Based on the Court’s personal observations of the trial and the conduct of counsel for the Defendant, this Court finds the jury was influenced by the improper comments resulting in a verdict which failed to comport with the manifest weight of evidence. Counsel’s remarks were improper appeals to the jury’s emotion, bias and prejudices. The comments were character attacks, and Defense counsel’s personal views and opinions which were improper and not supported by the evidence, constituted fundamental error. As a result, the Plaintiff was denied a fair trial due to the cumulative nature and effect of counsel’s improper comments. See Airport Rent-A-Car v. Lewis, 701 So.2d 893 (Fla. 4th DCA 1997); Cohen v. Pollack, 674 So.2d 805 (Fla. 3d DCA 1996); Pippin v. Latosynski, 622 So.2d 566 (Fla. 1st DCA 1993); Borden, Inc. v. Young, 479 So.2d 850 (Fla. 3d DCA 1985).

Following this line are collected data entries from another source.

definition ialg :: "('o,'a,'c,'e) twocat_scheme \<Rightarrow> 'o \<Rightarrow> 'a \<Rightarrow> 'c \<Rightarrow> 'c \<Rightarrow> 'a \<Rightarrow> 'c \<Rightarrow> bool" where
  "ialg C X S m s M \<mu> \<longleftrightarrow>
     M \<in> arr1 C \<and> cod1 C M = X \<and> hom2 C \<mu> (cmp C S M) M \<and>
     vcmp C \<mu> (wr C s M) = id2 C M \<and>
     vcmp C \<mu> (wl C S \<mu>) = vcmp C \<mu> (wr C m M)"

text \<open>hatT M mu is the S-algebra structure of hatT(M,mu) = (T M, hatT M mu).\<close>

definition lifting ::
  "('o,'a,'c,'e) twocat_scheme \<Rightarrow> 'o \<Rightarrow> 'o \<Rightarrow> 'a \<Rightarrow> 'a \<Rightarrow> ('a \<Rightarrow> 'a \<Rightarrow> 'c \<Rightarrow> 'c) \<Rightarrow> 'c \<Rightarrow>
   'a \<Rightarrow> 'c \<Rightarrow> 'c \<Rightarrow> 'a \<Rightarrow> 'c \<Rightarrow> 'c \<Rightarrow> ('a \<Rightarrow> 'c \<Rightarrow> 'c) \<Rightarrow> bool" where
  "lifting C X0 X I T ext t S m s S0 m0 s0 hatT \<longleftrightarrow>
     \<comment> \<open>on objects: S0-algebras go to S-algebras (T M, hatT M mu)\<close>
     (\<forall>M \<mu>. ialg C X0 S0 m0 s0 M \<mu> \<longrightarrow> ialg C X S m s (cmp C T M) (hatT M \<mu>)) \<and>
     \<comment> \<open>on morphisms: f goes to T f\<close>
     (\<forall>M \<mu> N \<nu> f. ialg C X0 S0 m0 s0 M \<mu> \<longrightarrow> ialg C X0 S0 m0 s0 N \<nu> \<longrightarrow> dom1 C M = dom1 C N \<longrightarrow>
        hom2 C f M N \<longrightarrow> vcmp C f \<mu> = vcmp C \<nu> (wl C S0 f) \<longrightarrow>
        vcmp C (wl C T f) (hatT M \<mu>) = vcmp C (hatT N \<nu>) (wl C S (wl C T f))) \<and>
     \<comment> \<open>2-naturality (in the indexing object K)\<close>
     (\<forall>M \<mu> A K'. ialg C X0 S0 m0 s0 M \<mu> \<longrightarrow> hom1 C A K' (dom1 C M) \<longrightarrow>
        hatT (cmp C M A) (wr C \<mu> A) = wr C (hatT M \<mu>) A) \<and>
     \<comment> \<open>(a) extension lifts\<close>
     (\<forall>M \<mu> N \<nu> f. ialg C X0 S0 m0 s0 M \<mu> \<longrightarrow> ialg C X0 S0 m0 s0 N \<nu> \<longrightarrow> dom1 C M = dom1 C N \<longrightarrow>
        hom2 C f (cmp C I M) (cmp C T N) \<longrightarrow>
        vcmp C f (wl C I \<mu>) = vcmp C (hatT N \<nu>) (wl C S f) \<longrightarrow>
        vcmp C (ext M N f) (hatT M \<mu>) = vcmp C (hatT N \<nu>) (wl C S (ext M N f))) \<and>
     \<comment> \<open>(b) unit lifts\<close>
     (\<forall>M \<mu>. ialg C X0 S0 m0 s0 M \<mu> \<longrightarrow>
        vcmp C (wr C t M) (wl C I \<mu>) = vcmp C (hatT M \<mu>) (wl C S (wr C t M)))"

definition rel_distributive_law ::
  "('o,'a,'c,'e) twocat_scheme \<Rightarrow> 'o \<Rightarrow> 'o \<Rightarrow> 'a \<Rightarrow> 'a \<Rightarrow> ('a \<Rightarrow> 'a \<Rightarrow> 'c \<Rightarrow> 'c) \<Rightarrow> 'c \<Rightarrow>
   'a \<Rightarrow> 'c \<Rightarrow> 'c \<Rightarrow> 'a \<Rightarrow> 'c \<Rightarrow> 'c \<Rightarrow> 'c \<Rightarrow> bool" where
  "rel_distributive_law C X0 X I T ext t S m s S0 m0 s0 d \<longleftrightarrow>
     hom2 C d (cmp C S T) (cmp C T S0) \<and>
     \<comment> \<open>(D1)\<close>
     vcmp C d (wr C m T) = vcmp C (wl C T m0) (vcmp C (wr C d S0) (wl C S d)) \<and>
     \<comment> \<open>(D2)\<close>
     vcmp C d (wr C s T) = wl C T s0 \<and>
     \<comment> \<open>(D3)\<close>
     (\<forall>Ob A B f. hom1 C A Ob X0 \<longrightarrow> hom1 C B Ob X0 \<longrightarrow> hom2 C f (cmp C I A) (cmp C T B) \<longrightarrow>
        vcmp C (wr C d B) (wl C S (ext A B f)) =
        vcmp C (ext (cmp C S0 A) (cmp C S0 B) (vcmp C (wr C d B) (wl C S f))) (wr C d A)) \<and>
     \<comment> \<open>(D4)\<close>
     vcmp C d (wl C S t) = wr C t S0"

Accordingly, the Plaintiff is entitled to a new trial as to those medical expenses not the subject of the Plaintiff’s Motion for Directed Verdict. Pierce v. Nicholson Supply Co., Inc., 676 So.2d 70 (Fla. 3d DCA 1998). Continuum Condominium Assn, Inc. v. Continuum VI, Inc., 549 So.2d 1125 (Fla. 3d DCA 1989); Perlman v. Valdes, 575 So.2d 216 (Fla. 3d DCA 1990).

Accordingly, it is hereby

ORDERED AND ADJUDGED that the Plaintiff’s Motion for Directed Verdict and Motion for New Trial is hereby granted.